Stevens responded by cautioning the friend, Bill Allen, that they “ought to lay really low right now” and “stick this out together.”
Unknown to the veteran Alaskan lawmaker, Allen had already agreed to work with investigators and secretly tape their phone calls — evidence made public for the first time Monday at Stevens’ corruption trial.
Stevens, 84, is charged with lying on financial-disclosure forms to conceal more than $250,000 in cabin renovations and other gifts from Allen and his oil-pipeline firm, Veco Corp.
On tape, the senator tells his old drinking and fishing buddy that he’s worried about the appearance of wrongdoing and even warns that they might be under surveillance.
“I think they’re probably listening to this conversation right now,” he says.
“We might have to pay a fine and spend a little time in jail,” he continues. “I hope it doesn’t come to that.”
But Stevens repeatedly asserts his innocence.
“I don’t think we’ve done anything wrong,” he says in one conversation. “I’m not afraid of them at all.”
Allen pleaded guilty to bribing state lawmakers and agreed to testify against Stevens in exchange for immunity for his family and a possible break at sentencing.

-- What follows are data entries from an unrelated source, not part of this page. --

lemma signed_kernel_integral_outside_ball_ge:
  assumes E: "E \<in> sets lebesgue" and r: "0 < r" "r \<le> R"
  shows "- (LINT y:- ball x r|lebesgue. f y) \<le> (LINT y:- ball x R|lebesgue. chi_tilde E y * f y)"
proof -
  have R: "0 < R"
    using r by linarith
  have "0 \<le> (LINT y:annulus x r R|lebesgue. f y)"
    unfolding set_lebesgue_integral_def using r
    by (intro Bochner_Integration.integral_nonneg) (auto simp: annulus_def indicator_def intro!: kernel_nonneg)
  moreover have "(LINT y:- ball x r|lebesgue. f y)
      = (LINT y:annulus x r R|lebesgue. f y) + (LINT y:- ball x R|lebesgue. f y)"
    using r R set_integrable_kernel_outside_ball
    by (subst annulus_Un_Compl_ball[symmetric, of r R])
      (auto intro!: set_integral_Un annulus_Int_Compl_ball set_integrable_subset[OF _ _ annulus_subset_Compl_ball]
        intro: fmeasurableD)
  moreover have "(LINT y:- ball x R|lebesgue. - f y) \<le> (LINT y:- ball x R|lebesgue. chi_tilde E y * f y)"
  proof (rule set_integral_mono)
    show "set_integrable lebesgue (- ball x R) (\<lambda>y. - f y)"
      using set_integrable_kernel_outside_ball[OF R] unfolding set_integrable_def by simp
    show "set_integrable lebesgue (- ball x R) (\<lambda>y. chi_tilde E y * f y)"
      using E R by (rule set_integrable_signed_kernel_outside_ball)
    show "- f y \<le> chi_tilde E y * f y" if "y \<in> - ball x R" for y
    proof -
      have "y \<noteq> x"
        using that R by auto
      then show ?thesis
        using kernel_nonneg[of y] by (auto simp: chi_tilde_def indicator_def)
    qed
  qed
  ultimately show ?thesis
    using set_integral_uminus[OF set_integrable_kernel_outside_ball[OF R]] by linarith
qed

There are no bribery charges against Stevens — a point that defense attorney Brendan Sullivan sought to drive home during a cross-examination of the government’s star witness that ate up the afternoon and was expected to continue this morning.
“You never sought to bribe Sen. Stevens, did you, sir?” he asked.
“No,” Allen replied.
The attorney also flustered Allen by challenging his testimony last week that one reason he ignored Stevens’ requests to bill him for renovations — aside from their friendship — was that a mutual friend told him the senator only wanted to pay lip service to ethics rules, not really pay up. The defense has sought to cast that claim as a fabrication extracted by prosecutors only two weeks before trial.

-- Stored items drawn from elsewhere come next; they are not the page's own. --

(* Let $B\subset GL_n(\mathbb{C})$ be the group of invertible upper triangular matrices acting on $\mathfrak{b}^*=\mathfrak{gl}_n/\mathfrak{n}^+$ by conjugation, $b\cdot s=bsb^{-1}$. Then $\mathbb{C}[\mathfrak{b}^*]^B=\mathbb{C}[\operatorname{tr}(s)]$.
   Context: $\mathfrak{n}^+$ denotes the strictly upper triangular $n\times n$ matrices; $\mathfrak{b}^*$ is identified with $\mathfrak{gl}_n/\mathfrak{n}^+$ (equivalently with lower triangular matrices), and conjugation by $B$ preserves $\mathfrak{n}^+$ so descends to the quotient. The trace is well defined on $\mathfrak{gl}_n/\mathfrak{n}^+$. *)

theory Defs
  imports "HOL-Analysis.Analysis" "HOL-Computational_Algebra.Polynomial"
begin

inductive poly_fun :: "(complex^'n^'n \<Rightarrow> complex) \<Rightarrow> bool" where
  pf_const: "poly_fun (\<lambda>s. c)"
| pf_coord: "poly_fun (\<lambda>s. s $ i $ j)"
| pf_add: "poly_fun f \<Longrightarrow> poly_fun g \<Longrightarrow> poly_fun (\<lambda>s. f s + g s)"
| pf_mult: "poly_fun f \<Longrightarrow> poly_fun g \<Longrightarrow> poly_fun (\<lambda>s. f s * g s)"

definition strictly_upper :: "complex^('n::{finite,linorder})^('n::{finite,linorder}) \<Rightarrow> bool" where
  "strictly_upper N \<longleftrightarrow> (\<forall>i j. j \<le> i \<longrightarrow> N $ i $ j = 0)"

definition upper_tri :: "complex^('n::{finite,linorder})^('n::{finite,linorder}) \<Rightarrow> bool" where
  "upper_tri b \<longleftrightarrow> (\<forall>i j. j < i \<longrightarrow> b $ i $ j = 0)"

definition borel :: "(complex^('n::{finite,linorder})^('n::{finite,linorder})) set" where
  "borel = {b. upper_tri b \<and> invertible b}"

text \<open>C[b^*] with b^* = gl_n / n^+: polynomial functions on gl_n constant on
  cosets of n^+, i.e. functions on the quotient.\<close>
definition coord_ring_bstar :: "(complex^('n::{finite,linorder})^('n::{finite,linorder}) \<Rightarrow> complex) set" where
  "coord_ring_bstar = {f. poly_fun f \<and> (\<forall>s N. strictly_upper N \<longrightarrow> f (s + N) = f s)}"

definition B_invariants :: "(complex^('n::{finite,linorder})^('n::{finite,linorder}) \<Rightarrow> complex) set" where
  "B_invariants = {f \<in> coord_ring_bstar.
      \<forall>b \<in> borel. \<forall>s. f (b ** s ** matrix_inv b) = f s}"

end

theory Submission
  imports Defs
begin

text \<open>An invariant f first forgets the strictly upper part of s. Conjugating the remaining
  lower triangular matrix by the diagonal matrix with entries t^0, t^1, ..., t^(n-1) scales the
  entry (i,j) by t^(i-j); the value of f is then a polynomial in t that is constant for t \<noteq> 0,
  hence equal to its value at t = 0, where only the diagonal of s survives. Conjugating a diagonal
  matrix plus one subdiagonal unit entry by a transvection shifts any amount between two diagonal
  entries, so f only sees the sum of the diagonal, i.e. the trace.\<close>

definition diag_mat :: "('n::finite \<Rightarrow> 'a::semiring_1) \<Rightarrow> 'a^'n^'n" where
  "diag_mat d = (\<chi> k l. if k = l then d k else 0)"

definition transvection :: "'n::finite \<Rightarrow> 'n \<Rightarrow> 'a::semiring_1 \<Rightarrow> 'a^'n^'n" where
  "transvection i j x = (\<chi> k l. if k = l then 1 else if k = i \<and> l = j then x else 0)"

definition index_rank :: "'n::{finite,linorder} \<Rightarrow> nat" where
  "index_rank i = card {m. m < i}"

lemma index_rank_less: "j < i \<Longrightarrow> index_rank j < index_rank i"
  unfolding index_rank_def by (rule psubset_card_mono) auto

lemma index_rank_le: "j \<le> i \<Longrightarrow> index_rank j \<le> index_rank i"
  by (metis index_rank_less order.order_iff_strict less_imp_le_nat)

lemma matrix_inv_unique:
  fixes A :: "'a::semiring_1^'n^'m" and B :: "'a^'m^'n"
  assumes "A ** B = mat 1" "B ** A = mat 1"
  shows "matrix_inv A = B"
proof -
  let ?C = "matrix_inv A"
  have "A ** ?C = mat 1 \<and> ?C ** A = mat 1"
    unfolding matrix_inv_def by (rule someI[of _ B]) (use assms in auto)
  then have "?C = ?C ** (A ** B)" "?C ** A = mat 1" by (simp_all add: assms matrix_mul_rid)
  then show ?thesis by (metis matrix_mul_assoc matrix_mul_lid)
qed

lemma diag_mat_mult_left: "(diag_mat d ** A) $ k $ l = d k * A $ k $ l"
proof -
  have "(diag_mat d ** A) $ k $ l = (\<Sum>m\<in>UNIV. if m = k then d k * A $ k $ l else 0)"
    unfolding matrix_matrix_mult_def diag_mat_def vec_lambda_beta by (rule sum.cong) auto
  then show ?thesis by simp
qed

lemma diag_mat_mult_right: "(A ** diag_mat d) $ k $ l = A $ k $ l * d l"
proof -
  have "(A ** diag_mat d) $ k $ l = (\<Sum>m\<in>UNIV. if m = l then A $ k $ l * d l else 0)"
    unfolding matrix_matrix_mult_def diag_mat_def vec_lambda_beta by (rule sum.cong) auto
  then show ?thesis by simp
qed

lemma transvection_mult_left:
  assumes "i \<noteq> j"
  shows "(transvection i j x ** A) $ k $ l = A $ k $ l + (if k = i then x * A $ j $ l else 0)"
proof -
  have "(transvection i j x ** A) $ k $ l
      = (\<Sum>m\<in>UNIV. (if m = k then A $ k $ l else 0) + (if m = j \<and> k = i then x * A $ j $ l else 0))"
    unfolding matrix_matrix_mult_def transvection_def vec_lambda_beta
    using assms by (intro sum.cong) auto
  then show ?thesis by (simp add: sum.distrib)
qed

lemma transvection_mult_right:
  assumes "i \<noteq> j"
  shows "(A ** transvection i j x) $ k $ l = A $ k $ l + (if l = j then A $ k $ i * x else 0)"
proof -
  have "(A ** transvection i j x) $ k $ l
      = (\<Sum>m\<in>UNIV. (if m = l then A $ k $ l else 0) + (if m = i \<and> l = j then A $ k $ i * x else 0))"
    unfolding matrix_matrix_mult_def transvection_def vec_lambda_beta
    using assms by (intro sum.cong) auto
  then show ?thesis by (simp add: sum.distrib)
qed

“When did you tell the government?” Sullivan asked. “It was just recently, wasn’t it?”
“No. No,” Allen said. “. . . I don’t know.”
Stevens says he asked Allen to oversee the project while he was in Washington but insists he sought to pay all the bills and had no idea his friend was absorbing most costs.
Earlier Monday, U.S. District Judge Emmet G. Sullivan ordered the government to file a formal response at the end of the day to repeated defense claims that prosecutors intentionally withheld evidence favorable to their client.